Rook Ceph Crashes
We were getting a crashing error on Rook-Ceph’s operator, that caused it to go into a crashloop. This prevented new disks to be provisioned in Ceph, a major blocker as we’re expanding out cluster. No configuration had been changed in the cluster recently, which caused some confusion!
The error was a go panic:
panic: assignment to entry in nil map
github.com/rook/rook/pkg/operator/ceph/disruption/clusterdisruption.resetPDBConfig(...)

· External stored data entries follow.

lemma rate_root_le_mass:
  assumes x: "x \<noteq> 0" shows "rate_root x \<le> rate_const * mass \<bar>x\<bar>"
proof (cases "\<bar>x\<bar> \<le> 1")
  case True
  have "\<bar>x\<bar>\<^sup>2 \<le> 1\<^sup>2" using True by (intro power_mono) auto
  then have "x\<^sup>2 + 1 \<le> 2" by simp
  then have "(x\<^sup>2 + 1) powr ((\<mu> - \<nu>) / 2) \<le> 2 powr ((\<mu> - \<nu>) / 2)"
    using nu_less_mu by (intro powr_mono2) auto
  then have "rate_root x \<le> \<bar>x\<bar> powr \<nu> * 2 powr ((\<mu> - \<nu>) / 2)"
    unfolding rate_root_def by (intro mult_left_mono) auto
  also have "\<dots> = 2 powr ((\<mu> - \<nu>) / 2) * \<nu> * (\<bar>x\<bar> powr \<nu> / \<nu>)" using nu0 by simp
  also have "\<dots> \<le> 2 powr ((\<mu> - \<nu>) / 2) * \<nu> * mass \<bar>x\<bar>"
    using mass_lower(1)[of "\<bar>x\<bar>"] x nu0 by (intro mult_left_mono) auto
  also have "\<dots> \<le> rate_const * mass \<bar>x\<bar>"
    unfolding rate_const_def using mass_lower(3)[of "\<bar>x\<bar>"] x mu nu0
    by (intro mult_right_mono mult_left_mono) auto
  finally show ?thesis .
next
  case False
  have e2: "2 * ((\<mu> - \<nu>) / 2) = \<mu> - \<nu>" by simp
  have "1\<^sup>2 \<le> \<bar>x\<bar>\<^sup>2" using False by (intro power_mono) auto
  then have "x\<^sup>2 + 1 \<le> 2 * x\<^sup>2" by simp
  then have "(x\<^sup>2 + 1) powr ((\<mu> - \<nu>) / 2) \<le> (2 * x\<^sup>2) powr ((\<mu> - \<nu>) / 2)"
    using nu_less_mu by (intro powr_mono2) auto
  also have "\<dots> = 2 powr ((\<mu> - \<nu>) / 2) * \<bar>x\<bar> powr (\<mu> - \<nu>)"
    using sq_powr[OF x, of "(\<mu> - \<nu>) / 2", unfolded e2] by (simp add: powr_mult)
  finally have "rate_root x \<le> \<bar>x\<bar> powr \<nu> * (2 powr ((\<mu> - \<nu>) / 2) * \<bar>x\<bar> powr (\<mu> - \<nu>))"
    unfolding rate_root_def by (intro mult_left_mono) auto
  also have "\<dots> = 2 powr ((\<mu> - \<nu>) / 2) * \<mu> * (\<bar>x\<bar> powr \<mu> / \<mu>)"
    using mu by (simp add: powr_add[symmetric])
  also have "\<dots> \<le> 2 powr ((\<mu> - \<nu>) / 2) * \<mu> * mass \<bar>x\<bar>"
    using mass_lower(2)[of "\<bar>x\<bar>"] x mu by (intro mult_left_mono) auto
  also have "\<dots> \<le> rate_const * mass \<bar>x\<bar>"
    unfolding rate_const_def using mass_lower(3)[of "\<bar>x\<bar>"] x mu nu0
    by (intro mult_right_mono mult_left_mono) auto
  finally show ?thesis .
qed

lemma inv_den0_le_rate: "1 / den0 x \<le> rate_const * rate x"
proof (cases "x = 0")
  case True then show ?thesis by (simp add: den0_def rate_def)
next
  case False
  have V: "0 < rate_root x" unfolding rate_root_def using False by (simp add: zero_less_mult_iff)
  have W: "0 < mass \<bar>x\<bar>" using mass_lower(3)[of "\<bar>x\<bar>"] False by simp
  have "rate_root x * rate_root x \<le> rate_root x * (rate_const * mass \<bar>x\<bar>)"
    using rate_root_le_mass[OF False] V by (intro mult_left_mono) auto
  then have "1 / den0 x \<le> rate_const / (rate_root x * rate_root x)"
    using V W rate_const_pos unfolding den0_rate_root by (simp add: field_simps)
  then show ?thesis by (simp add: rate_rate_root power2_eq_square)
qed

text \<open>The rate is integrable: it is \<open>\<le> x\<^sup>-\<^sup>2\<^sup>\<nu>\<close> on \<open>(0,1)\<close> with \<open>-2\<nu> > -1\<close> and
  \<open>\<le> x\<^sup>-\<^sup>2\<^sup>\<mu>\<close> on \<open>(1,\<infinity>)\<close> with \<open>-2\<mu> < -1\<close>, and it is even.\<close>
lemma rate_integrable_pos: "set_integrable lborel {0<..} rate"
proof -
  have a: "set_integrable lborel {0<..<1} rate"
  proof (rule set_integrable_bound[OF powr_integral_0(1)[of "-2*\<nu>" 1]])
    show "-1 < -2*\<nu>" using nu1 by simp
    show "set_borel_measurable lborel {0<..<1} rate"
      unfolding set_borel_measurable_def using rate_meas by measurable
    show "AE x in lborel. x \<in> {0<..<1} \<longrightarrow> norm (rate x) \<le> norm (x powr (-2*\<nu>))"
      using rate_le_nu rate_nonneg by (intro AE_I2) (auto simp: abs_of_nonneg)
  qed simp
  have b: "set_integrable lborel {1<..} rate"
  proof (rule set_integrable_bound[OF powr_integral_tail(1)[of "-2*\<mu>" 1]])
    show "-2*\<mu> < -1" using mu by simp
    show "set_borel_measurable lborel {1<..} rate"
      unfolding set_borel_measurable_def using rate_meas by measurable
    show "AE x in lborel. x \<in> {1<..} \<longrightarrow> norm (rate x) \<le> norm (x powr (-2*\<mu>))"
      using rate_le_mu rate_nonneg by (intro AE_I2) (auto simp: abs_of_nonneg)
  qed simp
  have "set_integrable lborel ({0<..<1} \<union> {1<..}) rate"
    using a b by (intro set_integrable_Un) auto
  moreover have "set_integrable lborel ({0<..<1} \<union> {1<..}) rate \<longleftrightarrow> set_integrable lborel {0<..} rate"
    by (rule set_integrable_discrete_difference[where X="{1}"]) auto
  ultimately show ?thesis by simp
qed

lemma rate_integrable: "integrable lborel rate"
proof -
  have e: "{x. - x \<in> {0<..}} = {..<(0::real)}" by auto
  have n: "set_integrable lborel {..<0} rate"
    using set_integrable_reflect[OF rate_integrable_pos, unfolded e rate_even] .
  have "set_integrable lborel ({..<0} \<union> {0<..}) rate"
    using n rate_integrable_pos by (intro set_integrable_Un) auto
  moreover have "set_integrable lborel ({..<0} \<union> {0<..}) rate \<longleftrightarrow> set_integrable lborel UNIV rate"
    by (rule set_integrable_discrete_difference[where X="{0}"]) auto
  ultimately show ?thesis unfolding set_integrable_def by simp
qed

lemma rate_tail_right:
  assumes b: "0 < b"
  shows "(LBINT t:{b<..}. rate t) \<le> b powr (1 - 2*\<mu>) / (2*\<mu> - 1)"
proof -
  have p: "-2*\<mu> < -1" using mu by simp
  have "set_integrable lborel {b<..} rate"
    using rate_integrable unfolding set_integrable_def by (intro integrable_mult_indicator) auto
  then have "(LBINT t:{b<..}. rate t) \<le> (LBINT t:{b<..}. t powr (-2*\<mu>))"
    using rate_le_mu b by (intro set_integral_mono[OF _ powr_integral_tail(1)[OF p b]]) auto
  also have "\<dots> = b powr (1 - 2*\<mu>) / (2*\<mu> - 1)"
    using powr_integral_tail(2)[OF p b] mu by (simp add: field_simps)
  finally show ?thesis .
qed

lemma rate_tail_left:
  assumes b: "0 < b"
  shows "(LBINT t:{..-b}. rate t) \<le> b powr (1 - 2*\<mu>) / (2*\<mu> - 1)"
proof -
  have e: "{x. - x \<in> {..-b}} = {b..}" by auto
  have "(LBINT t:{..-b}. rate t) = (LBINT t:{b..}. rate t)"
    by (subst set_integral_reflect) (simp only: e rate_even)
  also have "\<dots> = (LBINT t:{b<..}. rate t)"
    by (rule set_integral_discrete_difference[where X="{b}"]) auto
  finally show ?thesis using rate_tail_right[OF b] by simp
qed

definition rate_total :: real where "rate_total = (LBINT t. rate t)"

lemma rate_total_ge: "S \<in> sets lborel \<Longrightarrow> (LBINT t:S. rate t) \<le> rate_total"
proof -
  assume S: "S \<in> sets lborel"
  have "set_integrable lborel UNIV rate" using rate_integrable unfolding set_integrable_def by simp
  then have "(LBINT t:S. rate t) \<le> (LBINT t:UNIV. rate t)"
    using S rate_nonneg by (intro set_integral_subset_mono) auto
  then show ?thesis unfolding rate_total_def set_lebesgue_integral_def by simp
qed

lemma rate_total_nonneg: "0 \<le> rate_total"
  unfolding rate_total_def using rate_nonneg by simp

section \<open>The normalising constant \<open>\<kappa>\<close> and the functions \<open>F'\<close>, \<open>F\<close>\<close>

definition J0 :: real where "J0 = (LBINT x. 1 / den0 x)"

lemma inv_den0_nonneg: "0 \<le> 1 / den0 x"
  using den0_pos[of x] den0_0 by (cases "x = 0") auto

lemma inv_den0_integrable: "integrable lborel (\<lambda>x. c / den0 x)"
proof -
  have "den0 \<in> borel_measurable borel"
    unfolding den0_eq_den by (rule den_meas[of 0]) (simp add: admissible_def)
  have "integrable lborel (\<lambda>x. 1 / den0 x)"
  proof (rule Bochner_Integration.integrable_bound)
    show "integrable lborel (\<lambda>x. rate_const * rate x)" using rate_integrable by simp
    show "(\<lambda>x. 1 / den0 x) \<in> borel_measurable lborel" using \<open>den0 \<in> borel_measurable borel\<close> by simp
    show "AE x in lborel. norm (1 / den0 x) \<le> norm (rate_const * rate x)"
      using inv_den0_le_rate inv_den0_nonneg rate_nonneg rate_const_pos
      by (intro AE_I2) (auto simp: abs_of_nonneg)
  qed
  from integrable_mult_right[OF this, of c] show ?thesis by simp
qed

lemma integral_inv_den0: "(LBINT x. c / den0 x) = c * J0"
proof -
  have "(LBINT x. c / den0 x) = (LBINT x. c * (1 / den0 x))" by simp
  also have "\<dots> = c * (LBINT x. 1 / den0 x)" by (rule integral_mult_right_zero)
  finally show ?thesis unfolding J0_def .
qed

lemma J0_pos: "0 < J0"
proof -
  have int: "integrable lborel (\<lambda>x. 1 / den0 x)" using inv_den0_integrable[of 1] .
  have "0 \<le> J0" unfolding J0_def using inv_den0_nonneg by simp
  moreover have "J0 \<noteq> 0"
  proof
    assume "J0 = 0"
    then have "AE x in lborel. 1 / den0 x = 0"
      using integral_nonneg_eq_0_iff_AE[OF int] inv_den0_nonneg unfolding J0_def by simp
    moreover have "AE x in lborel. (x::real) \<noteq> 0" by (rule AE_lborel_singleton)
    ultimately have "AE (x::real) in lborel. False"
      by eventually_elim (use den0_pos in force)
    then have "UNIV \<in> null_sets (lborel :: real measure)"
      using AE_iff_null[of "lborel :: real measure" "\<lambda>_. False"] by simp
    then have "emeasure (lborel :: real measure) UNIV = 0" by auto
    then show False by simp
  qed
  ultimately show ?thesis by simp
qed

lemma inv_den_integrable:
  assumes g: "admissible M g"
  shows "integrable lborel (\<lambda>x. 1 / den g x)"
proof (rule Bochner_Integration.integrable_bound)
  show "integrable lborel (\<lambda>x. exp (2*M) / den0 x)" by (rule inv_den0_integrable)
  show "(\<lambda>x. 1 / den g x) \<in> borel_measurable lborel" using den_meas[OF g] by simp
  have "0 \<le> 1 / den g x" for x
    using inv_den_bounds(1)[OF g, of x] inv_den0_nonneg[of x] by (smt (verit) exp_gt_zero mult_nonneg_nonneg)
  then show "AE x in lborel. norm (1 / den g x) \<le> norm (exp (2*M) / den0 x)"
    using inv_den_bounds(2)[OF g] inv_den0_nonneg by (intro AE_I2) (simp add: abs_of_nonneg)
qed

lemma integral_inv_den_lower:
  assumes g: "admissible M g"
  shows "exp (-2*M) * J0 \<le> (LBINT x. 1 / den g x)"
proof -
  have "(LBINT x. exp (-2*M) / den0 x) \<le> (LBINT x. 1 / den g x)"
    using inv_den_bounds(1)[OF g] inv_den0_integrable inv_den_integrable[OF g]
    by (intro integral_mono) auto
  then show ?thesis by (simp add: integral_inv_den0)
qed

lemma integral_inv_den_diff:
  assumes g1: "admissible M g1" and g2: "admissible M g2"
    and d: "\<And>t. \<bar>g1 t - g2 t\<bar> \<le> \<delta>"
  shows "\<bar>(LBINT x. 1 / den g1 x) - (LBINT x. 1 / den g2 x)\<bar> \<le> 2 * exp (6*M) * \<delta> * J0"
proof -
  have i1: "integrable lborel (\<lambda>x. 1 / den g1 x)" by (rule inv_den_integrable[OF g1])
  have i2: "integrable lborel (\<lambda>x. 1 / den g2 x)" by (rule inv_den_integrable[OF g2])
  have "\<bar>(LBINT x. 1 / den g1 x) - (LBINT x. 1 / den g2 x)\<bar>
      = \<bar>LBINT x. 1 / den g1 x - 1 / den g2 x\<bar>"
    using i1 i2 by simp
  also have "\<dots> \<le> (LBINT x. 2 * exp (6*M) * \<delta> / den0 x)"
    using i1 i2 inv_den0_integrable inv_den_diff[OF g1 g2 d]
    by (intro integral_abs_bound_integral) auto
  also have "\<dots> = 2 * exp (6*M) * \<delta> * J0" by (simp add: integral_inv_den0)
  finally show ?thesis .
qed

definition C0 :: real where "C0 = (\<mu> - \<nu>) * pi"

/home/runner/work/rook/rook/pkg/operator/ceph/disruption/clusterdisruption/osd.go:689
Digging into the code brought up this function:
From: rook/pkg/operator/ceph/disruption/clusterdisruption/osd.go
func resetPDBConfig(pdbStateMap *corev1.ConfigMap) {
pdbStateMap.Data[drainingFailureDomainKey] = ""
delete(pdbStateMap.Data, drainingFailureDomainDurationKey)
delete(pdbStateMap.Data, pgHealthCheckDurationKey)
}
This seems to be reading a configmap & re-setting values. Looking at the configmaps deployed on our cluster brought up a match - rook-ceph-pdbstatemap, which was strangely empty. This would explain the ‘assignment to entry in nil map’, the rook operator was expecting a key ‘drainingFailureDomainKey’ which didn’t exist.
I span up a 1 node instance of ceph on minikube to compare the contents of the rook-ceph-pdbstatemap:
draining-failure-domain: ''
set-no-out: ''
This seemed promising, I added these to the operational ceph cluster & restarted the rook operator - no crashes & the operator was back.
I’m unsure why this config map was empty, possible a bug in the operator caused it to be overwrote or etcd lost the data somehow? One to monitor in the future.